Un fenomeno di grande importanza, infine, è dato dal progressivo
accrescimento dell’interesse culturale percepito dalle autorità
ecclesiastiche nei confronti dei loro ricchi patrimoni documentari, vari
sono i fattori che si combinano in tale percezione: influenza della
cultura umanistica con le relative passioni antiquariali, senso profondo
dell’attività pastorale da esplicarsi anche nella conservazione devota
delle testimonianze materiali prodotte dalla Chiesa nel corso dei
secoli, desiderio apologetico di esaltazione della propria fede
mediante ricostruzioni storiche impostate comunque su basi
controllabili come i documenti d’archivio; tutti questi fattori
contribuirono ad influenzare nel corso del seicento e del settecento la
produzione di norme e l’operato di grandi e piccoli prelati, tra cui
spicca per assoluta rilevanza l’attività di Vincenzo Maria Orsini, poi
papa Benedetto XIII, autore della Maxima Vigilantia, provvedimento
che riassume secoli di cultura e prassi archivistica nella Chiesa.
152
Il periodo tra la seconda metà del settecento e la prima metà di quello
successivo è segnato da profonde trasformazioni destinate a mutare in
maniera radicale i rapporti tra gli assetti ecclesiastici presenti nei
diversi territori e i moderni Stati nazionali, tali assetti vengono
ridisegnati sotto la spinta inarrestabile di culture e mentalità tendenti a
riformare le società in un senso più razionale, con maggiore apertura
verso il progresso scientifico ed economico e con insofferenza nei
confronti di quelle strutture ecclesiastiche generalmente ostili o
diffidenti nei confronti di tali strasformazioni, di conseguenza si
assiste ad un netto ridimensionamento in tutta l’Europa cattolica della
presenza di ordini, conventi e confraternite religiose, questi enti
vengono progressivamente soppressi in gran numero, i loro beni sono
requisiti dallo Stato ed anche i loro archivi sono staccati dai luoghi di
conservazione originari e concentrati in nuovi uffici appositamente
istituiti per gestire i beni requisiti.
Contemporaneamente l’accrescimento dell’interesse culturale nutrito
da studiosi ed eruditi nei confronti dei fondi archivistici appartenenti
ad uffici antichi ed ormai soppressi dopo l’ondata riformatrice del
periodo illuminista e Napoleonico, conduce allo sviluppo progressivo
di un’amministrazione archivistica autonoma composta da depositi di
concentrazione documentaria di funzione eminentemente culturale e
scientifica, ivi troveranno la loro sede definitiva molti fondi
documentari appartenenti alle corporazioni religiose soppresse.

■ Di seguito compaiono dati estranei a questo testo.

lemma subgroup_ZL_ker:
  assumes q: "q \<in> ZL_maps h H G"
  shows "subgroup (ZL_ker H G q) H"
proof (rule H.subgroupI)
  show "ZL_ker H G q \<subseteq> carrier H" and "ZL_ker H G q \<noteq> {}"
    using ZL_maps_one[OF q] unfolding ZL_ker_def by auto
next
  fix k assume k: "k \<in> ZL_ker H G q"
  then have "k \<in> carrier H" unfolding ZL_ker_def by simp
  then have "q (inv\<^bsub>H\<^esub> k) = q (inv\<^bsub>H\<^esub> k \<otimes>\<^bsub>H\<^esub> k)"
    by (simp only: ZL_maps_mult_ker[OF q _ k] H.inv_closed)
  also have "\<dots> = \<one>"
    using \<open>k \<in> carrier H\<close> ZL_maps_one[OF q] by simp
  finally show "inv\<^bsub>H\<^esub> k \<in> ZL_ker H G q"
    using \<open>k \<in> carrier H\<close> unfolding ZL_ker_def by simp
next
  fix k k' assume "k \<in> ZL_ker H G q" and "k' \<in> ZL_ker H G q"
  then show "k \<otimes>\<^bsub>H\<^esub> k' \<in> ZL_ker H G q"
    using ZL_maps_mult_ker[OF q] unfolding ZL_ker_def by simp
qed

lemma ZL_maps_factor:
  assumes q: "q \<in> ZL_maps h H G" and a: "a \<in> carrier H"
  obtains k where "k \<in> ZL_ker H G q" and "a = h (q a) \<otimes>\<^bsub>H\<^esub> k"
proof
  have qa: "q a \<in> carrier G" using ZL_maps_closed[OF q a] .
  show "a = h (q a) \<otimes>\<^bsub>H\<^esub> (h (inv (q a)) \<otimes>\<^bsub>H\<^esub> a)"
    using qa a by (simp add: H.m_assoc [symmetric])
  show "h (inv (q a)) \<otimes>\<^bsub>H\<^esub> a \<in> ZL_ker H G q"
    using qa a ZL_maps_left_mult[OF q a, of "inv (q a)"] unfolding ZL_ker_def by simp
qed

lemma ZL_ker_in_complements:
  assumes q: "q \<in> ZL_maps h H G"
  shows "ZL_ker H G q \<in> complements H (h ` carrier G)"
  unfolding complements_def
proof (intro CollectI conjI)
  show "subgroup (ZL_ker H G q) H" using subgroup_ZL_ker[OF q] .
  show "h ` carrier G <#>\<^bsub>H\<^esub> ZL_ker H G q = carrier H"
  proof
    show "h ` carrier G <#>\<^bsub>H\<^esub> ZL_ker H G q \<subseteq> carrier H"
      unfolding set_mult_def ZL_ker_def by auto
    show "carrier H \<subseteq> h ` carrier G <#>\<^bsub>H\<^esub> ZL_ker H G q"
    proof
      fix a assume a: "a \<in> carrier H"
      then obtain k where "k \<in> ZL_ker H G q" and "a = h (q a) \<otimes>\<^bsub>H\<^esub> k"
        using ZL_maps_factor[OF q] by blast
      with ZL_maps_closed[OF q a] show "a \<in> h ` carrier G <#>\<^bsub>H\<^esub> ZL_ker H G q"
        unfolding set_mult_def by blast
    qed
  qed
  show "h ` carrier G \<inter> ZL_ker H G q = {\<one>\<^bsub>H\<^esub>}"
  proof (intro equalityI subsetI)
    fix x assume "x \<in> h ` carrier G \<inter> ZL_ker H G q"
    then obtain g where "g \<in> carrier G" and "x = h g" and "h g \<in> ZL_ker H G q"
      by auto
    then show "x \<in> {\<one>\<^bsub>H\<^esub>}"
      using ZL_maps_left_inverse[OF q] unfolding ZL_ker_def by simp
  next
    have "\<one>\<^bsub>H\<^esub> \<in> h ` carrier G"
      using hom_one G.one_closed by (rule image_eqI [of _ h, OF sym])
    moreover have "\<one>\<^bsub>H\<^esub> \<in> ZL_ker H G q"
      using ZL_maps_one[OF q] unfolding ZL_ker_def by simp
    ultimately show "x \<in> h ` carrier G \<inter> ZL_ker H G q" if "x \<in> {\<one>\<^bsub>H\<^esub>}" for x
      using that by simp
  qed
qed

lemma inj_on_ZL_ker: "inj_on (ZL_ker H G) (ZL_maps h H G)"
proof
  fix q q' assume q: "q \<in> ZL_maps h H G" and q': "q' \<in> ZL_maps h H G"
    and ker: "ZL_ker H G q = ZL_ker H G q'"
  show "q = q'"
  proof (rule extensionalityI)
    show "q \<in> extensional (carrier H)" and "q' \<in> extensional (carrier H)"
      using q q' unfolding ZL_maps_def by auto
  next
    fix a assume a: "a \<in> carrier H"
    then obtain k where k: "k \<in> ZL_ker H G q" and a_eq: "a = h (q a) \<otimes>\<^bsub>H\<^esub> k"
      using ZL_maps_factor[OF q] by blast
    have "q' a = q a \<otimes> q' k"
      using ZL_maps_left_mult[OF q', of k "q a"] a_eq k ZL_maps_closed[OF q a]
      unfolding ZL_ker_def by simp
    then show "q a = q' a"
      using k ker ZL_maps_closed[OF q a] unfolding ZL_ker_def by simp
  qed
qed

La storia successiva vedrà come protagonisti il neonato Stato italiano
e il nuovo ordinamento ecclesiale, fortemente ridimensionato nelle sue
strutture istituzionali dopo l’unificazione, una storia assai complessa
ed ambigua nella specifica tematica archivistica, in cui le reciproche
interconnessioni ed influenze se ridotte al minimo sul piano della
formalizzazione normativa di respiro generale, hanno invece trovato
campo più aperto in un pulviscolo di iniziative su base locale di cui
dev’essere ancora ricostruita l’effettiva portata, solo negli ultimissimi
anni si è verificato un’intensificarsi della produzione normativa
sottoforma di intese bilaterali e di regolamenti generali di cui però è
ancora troppo prematuro azzardare un’analisi effettiva.
In ogni caso è sempre bene non dimenticare, quando si è di fronte ad
un fondo archivistico prodotto da un ente religioso, tutto il portato di
tradizioni, di mentalità e di prassi tecnico-amministrative derivanti da
una lunga evoluzione storica e che si pone come elemento intrinseco
di tutti i complessi archivistici prodotti e conservati nel vastissimo
apparato di enti e strutture costituenti la Chiesa cattolica nei secoli.